Check this report out....it is updated every week also.

http://www.goerie.com/article/20120...hwestern-Pennsylvania-fishing-report-April-27


----------



## walcat (Apr 11, 2004)

Go to www.fisherie.com. See menue on left


----------



## WPM (Jun 9, 2006)

Anyone fished the Bay recently? We're planning to hit it on Friday, looking mainly for smallies, but we'll probably try the western areas for LMB as well. 
I'll post results.

WPM


----------



## selfproclaim (May 19, 2011)

Any luck? I am heading that way tomorrow.

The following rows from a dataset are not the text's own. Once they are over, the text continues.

(* Let $\mathcal{X}$ and $\mathcal{Y}$ be infinite-dimensional Banach spaces with Schauder bases $\{x_n\}_{n\ge1}$ and $\{y_n\}_{n\ge1}$, and let $\mathcal{F}$ be a universal approximator. For every continuous (non-linear) operator $f:\mathcal{X}\to\mathcal{Y}$, every $\varepsilon>0$ and every compact $K\subseteq\mathcal{X}$ there exist $n,N,\tilde Q\in\mathbb{N}_+$, $\hat f\in\bigcup_c\mathcal{F}_{n,N,c}$ and real numbers $\tilde z_{j,i}$ ($j\le N$, $i\le\tilde Q$) such that $$\hat t(x)=\sum_{j=1}^N\sum_{i=1}^{\tilde Q}\Big[P_{\Delta_N}\circ\hat f\big((\beta^x_k)_{k=1}^n\big)\Big]_j\,\tilde z_{j,i}\,y_i$$ satisfies $\sup_{x\in K}\|f(x)-\hat t(x)\|_{\mathcal{Y}}<\varepsilon$, where $x=\sum_k\beta^x_kx_k$ is the Schauder expansion of $x$.
   Context: $P_{\Delta_N}$ is the Euclidean orthogonal projection of $\mathbb{R}^N$ onto the simplex $\Delta_N$. A universal approximator is a family $\mathcal{F}=\{\mathcal{F}_{n,m,c}\}$ of sets of maps $\mathbb{R}^n\to\mathbb{R}^m$, nested in $c$, with a rate function $r(\omega,K,n,m,c)$ decreasing to $0$ in $c$, such that every uniformly continuous $f:\mathbb{R}^n\to\mathbb{R}^m$ with continuous modulus $\omega$ is approximated on every compact $K$ within $r(\omega,K,n,m,c)$ by some element of $\mathcal{F}_{n,m,c}$. *)

theory Defs
  imports "HOL-Analysis.Analysis"
begin

(* Schauder basis (indexed from 0: e 0 is the paper's x_1): every vector has a
   unique expansion v = sum_k beta_k e_k converging in norm. *)
definition schauder_basis :: "(nat \<Rightarrow> 'a::real_normed_vector) \<Rightarrow> bool" where
  "schauder_basis e \<longleftrightarrow>
     (\<forall>v. \<exists>!\<beta>::nat \<Rightarrow> real. (\<lambda>n. \<Sum>k<n. \<beta> k *\<^sub>R e k) \<longlonglongrightarrow> v)"

definition schauder_coeff :: "(nat \<Rightarrow> 'a::real_normed_vector) \<Rightarrow> 'a \<Rightarrow> nat \<Rightarrow> real" where
  "schauder_coeff e v = (THE \<beta>. (\<lambda>n. \<Sum>k<n. \<beta> k *\<^sub>R e k) \<longlonglongrightarrow> v)"

definition infinite_dimensional :: "'a::real_vector itself \<Rightarrow> bool" where
  "infinite_dimensional _ \<longleftrightarrow> \<not> (\<exists>S::'a set. finite S \<and> span S = UNIV)"

(* R^n is represented as the functions nat => real vanishing from index n on
   (coordinate i < n is the paper's coordinate i+1). *)
definition vecs :: "nat \<Rightarrow> (nat \<Rightarrow> real) set" where
  "vecs n = {x. \<forall>i\<ge>n. x i = 0}"

definition vnorm :: "nat \<Rightarrow> (nat \<Rightarrow> real) \<Rightarrow> real" where
  "vnorm n x = sqrt (\<Sum>i<n. (x i)\<^sup>2)"

definition prob_simplex :: "nat \<Rightarrow> (nat \<Rightarrow> real) set" where
  "prob_simplex N = {p \<in> vecs N. (\<forall>i<N. 0 \<le> p i) \<and> (\<Sum>i<N. p i) = 1}"

definition proj_simplex :: "nat \<Rightarrow> (nat \<Rightarrow> real) \<Rightarrow> (nat \<Rightarrow> real)" where
  "proj_simplex N v = (THE p. p \<in> prob_simplex N \<and>
      (\<forall>q\<in>prob_simplex N. vnorm N (\<lambda>i. v i - p i) \<le> vnorm N (\<lambda>i. v i - q i)))"

definition is_modulus :: "(real \<Rightarrow> real) \<Rightarrow> bool" where
  "is_modulus \<omega> \<longleftrightarrow> continuous_on {0..} \<omega> \<and> \<omega> 0 = 0 \<and> mono_on {0..} \<omega> \<and>
     (\<forall>t\<ge>0. 0 \<le> \<omega> t)"

definition has_modulus :: "nat \<Rightarrow> nat \<Rightarrow> (real \<Rightarrow> real) \<Rightarrow> ((nat \<Rightarrow> real) \<Rightarrow> (nat \<Rightarrow> real)) \<Rightarrow> bool" where
  "has_modulus n m \<omega> f \<longleftrightarrow> f ` vecs n \<subseteq> vecs m \<and>
     (\<forall>x\<in>vecs n. \<forall>y\<in>vecs n. vnorm m (\<lambda>i. f x i - f y i) \<le> \<omega> (vnorm n (\<lambda>i. x i - y i)))"

definition universal_approximator ::
  "(nat \<Rightarrow> nat \<Rightarrow> nat \<Rightarrow> ((nat \<Rightarrow> real) \<Rightarrow> (nat \<Rightarrow> real)) set) \<Rightarrow>
   ((real \<Rightarrow> real) \<Rightarrow> (nat \<Rightarrow> real) set \<Rightarrow> nat \<Rightarrow> nat \<Rightarrow> nat \<Rightarrow> real) \<Rightarrow> bool" where
  "universal_approximator F r \<longleftrightarrow>
     (\<forall>n m c. \<forall>g\<in>F n m c. g ` vecs n \<subseteq> vecs m) \<and>
     (\<forall>n m c c'. c \<le> c' \<longrightarrow> F n m c \<subseteq> F n m c') \<and>
     (\<forall>\<omega> K n m. antimono (\<lambda>c. r \<omega> K n m c) \<and> (\<lambda>c. r \<omega> K n m c) \<longlonglongrightarrow> 0) \<and>
     (\<forall>n m f \<omega> K c. is_modulus \<omega> \<and> has_modulus n m \<omega> f \<and> compact K \<and> K \<subseteq> vecs n \<longrightarrow>
        (\<exists>g\<in>F n m c. \<forall>x\<in>K. vnorm m (\<lambda>i. f x i - g x i) \<le> r \<omega> K n m c))"

end

theory Submission
  imports Defs
begin

(* The partial-sum projections of a Schauder basis are uniformly bounded (a Baire category
   argument), so the coefficient functionals are continuous and the partial sums converge
   uniformly on compact sets. Hence for large n, points of K whose first n coefficients are
   close are close in X, and K has a finite net c_1, ..., c_N in these coordinates. A Lipschitz
   partition of unity made of tents around the coordinates of the c_j maps the coordinates of
   points of K into the simplex; the universal approximator approximates it uniformly, and
   projecting onto the simplex at most doubles the error. The convex combination of truncated
   expansions of the f(c_j) with these weights is the required double sum, and it is close to
   f(x) because only centres near x carry weight. *)

section \<open>Euclidean norm and projection onto the simplex\<close>

lemma vnorm_eq_L2_set: "vnorm n x = L2_set x {..<n}"
  by (simp add: vnorm_def L2_set_def)

lemma vnorm_nonneg: "0 \<le> vnorm n x"
  by (simp add: vnorm_def sum_nonneg)

lemma vnorm_triangle: "vnorm n (\<lambda>i. x i + y i) \<le> vnorm n x + vnorm n y"
  unfolding vnorm_eq_L2_set by (rule L2_set_triangle_ineq)

lemma vnorm_diff_triangle:
  "vnorm n (\<lambda>i. x i - z i) \<le> vnorm n (\<lambda>i. x i - y i) + vnorm n (\<lambda>i. y i - z i)"
  using vnorm_triangle[of n "\<lambda>i. x i - y i" "\<lambda>i. y i - z i"] by simp

lemma vnorm_diff_commute: "vnorm n (\<lambda>i. x i - y i) = vnorm n (\<lambda>i. y i - x i)"
  by (simp add: vnorm_def power2_commute)

lemma abs_le_vnorm: "i < n \<Longrightarrow> \<bar>x i\<bar> \<le> vnorm n x"
  unfolding vnorm_def by (rule real_le_rsqrt) (auto intro!: member_le_sum simp: power2_abs)

lemma vnorm_le_sum_abs: "vnorm n x \<le> (\<Sum>i<n. \<bar>x i\<bar>)"
  unfolding vnorm_eq_L2_set by (rule L2_set_le_sum_abs)

lemma abs_vnorm_diff_le:
  "\<bar>vnorm n (\<lambda>i. x i - z i) - vnorm n (\<lambda>i. y i - z i)\<bar> \<le> vnorm n (\<lambda>i. x i - y i)"
  using vnorm_diff_triangle[of n x z y] vnorm_diff_triangle[of n y z x]
    vnorm_diff_commute[of n x y] by linarith

lemma continuous_on_coordinate: "continuous_on S (\<lambda>x::'a \<Rightarrow> 'b::topological_space. x i)"
  by (rule continuous_on_subset[OF continuous_on_product_coordinates]) simp

lemma continuous_on_vnorm:
  assumes "\<And>i. continuous_on S (\<lambda>s. h s i)"
  shows "continuous_on S (\<lambda>s. vnorm n (h s))"
  unfolding vnorm_def by (intro continuous_intros assms)

lemma norm_sum_scaleR_le_vnorm:
  "norm (\<Sum>k<n. a k *\<^sub>R v k) \<le> vnorm n a * (\<Sum>k<n. norm (v k))"
proof -
  have "norm (\<Sum>k<n. a k *\<^sub>R v k) \<le> (\<Sum>k<n. \<bar>a k\<bar> * norm (v k))"
    by (rule norm_sum[THEN order_trans]) simp
  also have "\<dots> \<le> (\<Sum>k<n. vnorm n a * norm (v k))"
    by (intro sum_mono mult_right_mono abs_le_vnorm) auto
  finally show ?thesis
    by (simp add: sum_distrib_left)
qed

lemma is_modulus_linear: "0 \<le> L \<Longrightarrow> is_modulus (\<lambda>t. L * t)"
  unfolding is_modulus_def by (auto intro!: continuous_intros mono_onI mult_left_mono)

lemma unit_vector_in_prob_simplex: "0 < N \<Longrightarrow> (\<lambda>i. if i = 0 then 1 else 0) \<in> prob_simplex N"
  by (auto simp: prob_simplex_def vecs_def)

lemma compact_prob_simplex: "compact (prob_simplex N)"
proof -
  define I where "I i = (if i < N then {0..1::real} else {0})" for i
  have "compactin (product_topology (\<lambda>i. euclidean) UNIV) (PiE UNIV I)"
    by (subst compactin_PiE) (auto simp: I_def)
  then have "compact (PiE UNIV I)"
    by (simp add: euclidean_product_topology compactin_euclidean_iff)
  moreover have "closed {q::nat \<Rightarrow> real. (\<Sum>i<N. q i) = 1}"
    by (intro closed_Collect_eq continuous_intros continuous_on_product_coordinates)
  moreover have "prob_simplex N = PiE UNIV I \<inter> {q. (\<Sum>i<N. q i) = 1}"
  proof -
    have "q i \<le> 1" if "q \<in> prob_simplex N" "i < N" for q i
    proof -
      have "q i \<le> (\<Sum>j<N. q j)"
        using that by (intro member_le_sum) (auto simp: prob_simplex_def)
      then show ?thesis
        using that by (simp add: prob_simplex_def)
    qed
    then show ?thesis
      by (auto simp: prob_simplex_def vecs_def I_def PiE_UNIV_domain Pi_iff
          split: if_splits)
  qed
  ultimately show ?thesis
    by (simp add: compact_Int_closed)
qed

lemma prob_simplex_midpoint:
  assumes "p \<in> prob_simplex N" "q \<in> prob_simplex N"
  shows "(\<lambda>i. (p i + q i) / 2) \<in> prob_simplex N"
proof -
  have "(\<Sum>i<N. (p i + q i) / 2) = ((\<Sum>i<N. p i) + (\<Sum>i<N. q i)) / 2"
    by (simp add: sum_divide_distrib[symmetric] sum.distrib)
  then show ?thesis
    using assms by (auto simp: prob_simplex_def vecs_def)
qed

Outdoor Hub mobile, the outdoor information engine


----------



## rangercupZ20 (May 27, 2010)

Fished it last weekend. Weather wasn't helpful. First say 20-30mph winds. Even the bay was rough. Fishing was slow but we did manage some nice fish. Dropshot and jerkbaits. Good luck


----------



## WPM (Jun 9, 2006)

Just got back.
We fished the Bay from 9:00am to 6:00pm. The forecast had called for waves 1 ft or less, but was changed to 1 to 2s with a brisk west wind. Reality was a steady blow and wall-to-wall whitecaps - very challenging as we took my 14 ftr based on the earlier prediction.
Spent the whole day in warm clothes and rain suits, but otherwise it was a good day. Can't say how the many other boats (lots of them) did, but we had at least some action on almost every drift.
We got 9 smallies, some sheeps and some white bass. All fish came from the humps in 17 to 20 FOW straight out from the Marina Bay outlet on crayfish and minnow patterns (we were fly rodding). 

WPM


----------



## NewbreedFishing (Apr 15, 2004)

nice report, fly roddin in big waters....pretty neat!!
cant wait to get up there this summer and do some off shore bronzebackin :B


----------



## selfproclaim (May 19, 2011)

The wife and I fished today and had a blast. Thank for the update and feedback! 


Outdoor Hub mobile, the outdoor information engine


----------



## P-NUT (May 17, 2009)

Any details? How are the weeds? Any specific pattern? Heading up the 19th and was just wondering what to expect.


----------



## FishermanMurph (Jan 29, 2012)

Windy and white caps, sound like a typical day on my hometown water.  Nice bass, I'm heading up there in couple weeks but going into the lagoons or one of the inland waters with the canoe to look for pike (in the lagoons) or bass.


----------



## selfproclaim (May 19, 2011)

We caught all of our fish in 3-5 FOW. They are there in numbers, we caught fish on everything from spinners, red-eye shad, tubes, and drop shots.


Outdoor Hub mobile, the outdoor information engine


----------



## P-NUT (May 17, 2009)

Thanks for the info. Can't wait to get up there Saturday! Will post report.


----------



## selfproclaim (May 19, 2011)

How was it?


Outdoor Hub mobile, the outdoor information engine


----------



## P-NUT (May 17, 2009)

Sorry for the delay in posting. It was not as good as I was hoping for, but not terrible. Saw a lot of empty beds on the flats. Seems like most smallies were done spawning and starting to move out. That's not saying we didn't get smallies just not high numbers. If I were heading back up soon I think I would target largemouth. Did find a decent batch of them on the Erie side of the bay. Senko was our best bait.


----------



## wishfishn (Jul 23, 2010)

We fished Fri, Sat, and til noon on Sun. Between 4 of us, we boated about 60 smallies. It was our first trip so we were figuring some things out. We avoided the pack around the monument and fished between 12-18 fow. Most were caught on 3" grub but I caught a few on a husky jerk.
19.5" was the largest but got several 18". Not sure how we measured up to the norm, but we'll be doing this at least once a year.


----------



## P-NUT (May 17, 2009)

We had 2 boats with 2 guys in each. Spent most our time in Misery bay. Had in the 60 fish range with a mix of lm and sm with probably 40 of those being smallies. Our biggest were a couple that might have gone 18 inches. Keep going back! You will eventually hit it when they are "on." Those are the days where you can expect 60 to 80 + fish a day... per boat! I have been fortunate to have 60 to 80 fish days 2 out of the last three trips. That place can be phenomenal!


----------



## wishfishn (Jul 23, 2010)

are the smallmouth still in the bay mid-june?
thinking about a return trip june 9th


----------



## selfproclaim (May 19, 2011)

Fish are there thru middle of July. Obviously less as time goes on, but still there. I fished Sunday and Monday, 3 ppl in boat, caught 120 plus smallies in 1.5 days with a 4.5 hour rain out Sunday. Also caught dozen largemouth.


Outdoor Hub mobile, the outdoor information engine


----------